Regarding the explained press-forming process, the performing toolings function conceptually as a mould. In terms of this mould manufacturing, concepts such as thermal expansion or spring-back [11] are taken into consideration during the design stage. In addition, the mould will be heated by means of thermal oil (a fluid capable of reaching high temperatures), which will run through the mould via channels designed for this purpose. This channels optimization should theoretically be adapted to the surfaces of the final geometry, so that the temperature behaves homogeneously throughout the part. This objective is hard to achieve during tooling manufacture process using traditional methods, due to system restrictions. However, new manufacturing models, such as Additive Manufacturing (AM), propose novel solutions to this problem. For this reason and taking into account other properties of the AM processes such as possible energy and material savings, the core of the forming tool was manufactured by metal additive manufacturing (MAM).
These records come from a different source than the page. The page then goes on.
definition Shannon_cond :: "'a measure \<Rightarrow> ('a \<Rightarrow> nat \<Rightarrow> real) \<Rightarrow> real" where
  "Shannon_cond M P = - (\<integral>x. (\<Sum>y. P x y * ln (P x y)) \<partial>M)"

end

theory Submission
  imports Defs
begin

text \<open>Both Renyi entropies have the form ln G(t) / (1 - t), where G(t) is the expectation of
  \<Sum>y P(y|X)^t and G(1) = 1; hence their limit at t = 1 is -G'(1), the Shannon entropy.
  The t-derivatives p^t (ln p)^k of the terms are bounded, uniformly for t \<ge> a > \<alpha>min, by
  k! / (a - \<alpha>min)^k p^\<alpha>min, which is summable and integrable by hypothesis. By dominated
  convergence G can therefore be differentiated twice under the sum and the expectation, so G' is
  continuous. The unconditional entropy is the conditional one for the constant kernel
  P(y|x) = U(y).\<close>

lemma power_le_fact_mult_exp:
  fixes z :: real
  assumes "0 \<le> z"
  shows "z ^ k \<le> fact k * exp z"
proof -
  have exp_sums: "(\<lambda>n. z ^ n / fact n) sums exp z"
    using exp_converges[of z] by (simp add: divide_inverse mult.commute)
  have "z ^ k / fact k \<le> exp z"
    using sum_le_suminf[OF sums_summable[OF exp_sums], of "{k}"] assms
    by (simp add: sums_unique[OF exp_sums])
  then show ?thesis by (simp add: divide_le_eq mult.commute)
qed

text \<open>Since \<open>0 powr t = 0\<close>, \<open>ln_moment k t 0 = 0\<close>, matching the convention \<open>0 ln 0 = 0\<close>.\<close>

definition ln_moment :: "nat \<Rightarrow> real \<Rightarrow> real \<Rightarrow> real" where
  "ln_moment k t p = p powr t * ln p ^ k"

lemma has_real_derivative_ln_moment:
  assumes "0 \<le> p"
  shows "((\<lambda>s. ln_moment k s p) has_real_derivative ln_moment (Suc k) t p) (at t)"
proof (cases "p = 0")
  case False
  with assms have "p > 0" by simp
  have "((\<lambda>s. exp (s * ln p) * ln p ^ k) has_real_derivative exp (t * ln p) * ln p * ln p ^ k) (at t)"
    by (auto intro!: derivative_eq_intros)
  with \<open>p > 0\<close> show ?thesis by (simp add: ln_moment_def powr_def mult_ac)
qed (simp add: ln_moment_def)

lemma abs_ln_moment_le:
  assumes p: "0 \<le> p" "p \<le> 1" and "b < a" "a \<le> t"
  shows "\<bar>ln_moment k t p\<bar> \<le> fact k / (a - b) ^ k * p powr b"
proof (cases "p = 0")
  case False
  with p have "p > 0" by simp
  define v where "v = - ln p"
  define c where "c = a - b"
  have "v \<ge> 0" "c > 0" using p \<open>p > 0\<close> \<open>b < a\<close> by (auto simp: v_def c_def)
  have "\<bar>ln p\<bar> = v" using p \<open>p > 0\<close> by (simp add: v_def)
  then have "\<bar>ln_moment k t p\<bar> = p powr t * v ^ k"
    by (simp add: ln_moment_def abs_mult power_abs)
  also have "\<dots> \<le> p powr a * v ^ k"
    using p \<open>a \<le> t\<close> \<open>v \<ge> 0\<close> by (intro mult_right_mono powr_mono') auto
  also have "p powr a = p powr b * exp (- (c * v))"
    using \<open>p > 0\<close> by (simp add: c_def v_def powr_def exp_add[symmetric] algebra_simps)
  also have "p powr b * exp (- (c * v)) * v ^ k \<le> p powr b * (fact k / c ^ k)"
    unfolding mult.assoc
  proof (rule mult_left_mono)
    have "v ^ k * c ^ k \<le> fact k * exp (c * v)"
      using power_le_fact_mult_exp[of "c * v" k] \<open>v \<ge> 0\<close> \<open>c > 0\<close>
      by (simp add: power_mult_distrib mult_ac)
    then show "exp (- (c * v)) * v ^ k \<le> fact k / c ^ k"
      using \<open>c > 0\<close> by (simp add: exp_minus field_simps)
  qed simp
  finally show ?thesis by (simp add: c_def mult_ac)
qed (simp add: ln_moment_def)

lemma has_real_derivative_integral:
  fixes f f' :: "real \<Rightarrow> 'b \<Rightarrow> real"
  assumes "a < t"
    and integrable: "\<And>s. a < s \<Longrightarrow> integrable N (f s)"
    and "f' t \<in> borel_measurable N"
    and deriv: "AE x in N. \<forall>s>a. ((\<lambda>s. f s x) has_real_derivative f' s x) (at s)"
    and bound: "AE x in N. \<forall>s>a. \<bar>f' s x\<bar> \<le> g x"
    and "integrable N g"
  shows "((\<lambda>s. \<integral>x. f s x \<partial>N) has_real_derivative (\<integral>x. f' t x \<partial>N)) (at t)"
proof -
  define q where "q s x = (f s x - f t x) / (s - t)" for s x
  have "((\<lambda>s. \<integral>x. q s x \<partial>N) \<longlongrightarrow> (\<integral>x. f' t x \<partial>N)) (at t within {a<..})"
    unfolding tendsto_at_iff_sequentially comp_def
  proof (intro allI impI)
    fix X :: "nat \<Rightarrow> real"
    assume X: "\<forall>i. X i \<in> {a<..} - {t}" and "X \<longlonglongrightarrow> t"
    show "(\<lambda>i. \<integral>x. q (X i) x \<partial>N) \<longlonglongrightarrow> (\<integral>x. f' t x \<partial>N)"
    proof (rule integral_dominated_convergence[where w=g])
      show "q (X i) \<in> borel_measurable N" for i
        using X \<open>a < t\<close> unfolding q_def
        by (intro borel_measurable_divide borel_measurable_diff borel_measurable_integrable
            integrable borel_measurable_const) auto
      show "AE x in N. (\<lambda>i. q (X i) x) \<longlonglongrightarrow> f' t x"
        using deriv
      proof eventually_elim
        case (elim x)
        then have "((\<lambda>s. q s x) \<longlongrightarrow> f' t x) (at t)"
          using \<open>a < t\<close> by (auto simp: q_def has_field_derivative_iff)
        then show ?case
          using X \<open>X \<longlonglongrightarrow> t\<close> by (auto simp: tendsto_at_iff_sequentially comp_def)
      qed
      show "AE x in N. norm (q (X i) x) \<le> g x" for i
        using deriv bound
      proof eventually_elim
        case (elim x)
        have "\<bar>f (X i) x - f t x\<bar> \<le> g x * \<bar>X i - t\<bar>"
          using field_differentiable_bound[of "{a<..}" "\<lambda>s. f s x" "\<lambda>s. f' s x" "g x" "X i" t]
            elim X \<open>a < t\<close> by (auto intro: has_field_derivative_at_within)
        with X show ?case by (auto simp: q_def abs_divide divide_le_eq)
      qed
    qed fact+
  qed
  moreover have "\<forall>\<^sub>F s in at t within {a<..}.
      (\<integral>x. q s x \<partial>N) = ((\<integral>x. f s x \<partial>N) - (\<integral>x. f t x \<partial>N)) / (s - t)"
    using integrable \<open>a < t\<close> by (auto simp: eventually_at_filter q_def)
  ultimately have "((\<lambda>s. ((\<integral>x. f s x \<partial>N) - (\<integral>x. f t x \<partial>N)) / (s - t))
      \<longlongrightarrow> (\<integral>x. f' t x \<partial>N)) (at t)"
    using \<open>a < t\<close> by (auto simp: at_within_open[of t "{a<..}"] elim: Lim_transform_eventually)
  then show ?thesis by (simp add: has_field_derivative_iff)
qed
The MAM technology chosen was Wire Arc Additive Manufacturing (WAAM), which is a fusion AM process in which the heat energy of an electric arc is employed for melting the electrodes and depositing material layers for wall formation or for simultaneously cladding two materials to form a composite structure [12]. This technology allows the creation of large metallic toolings following geometries impossible to achieve by conventional manufacturing methods. Moreover, due to the large size of the tooling manufactured, this construction would be considered as a Big Area Additive Manufacturing (BAAM) product [13]. Based on the data obtained from the tooling manufacturing and performance, not only the press-forming process would be tested, but the availability of an AM tooling to carry out this process.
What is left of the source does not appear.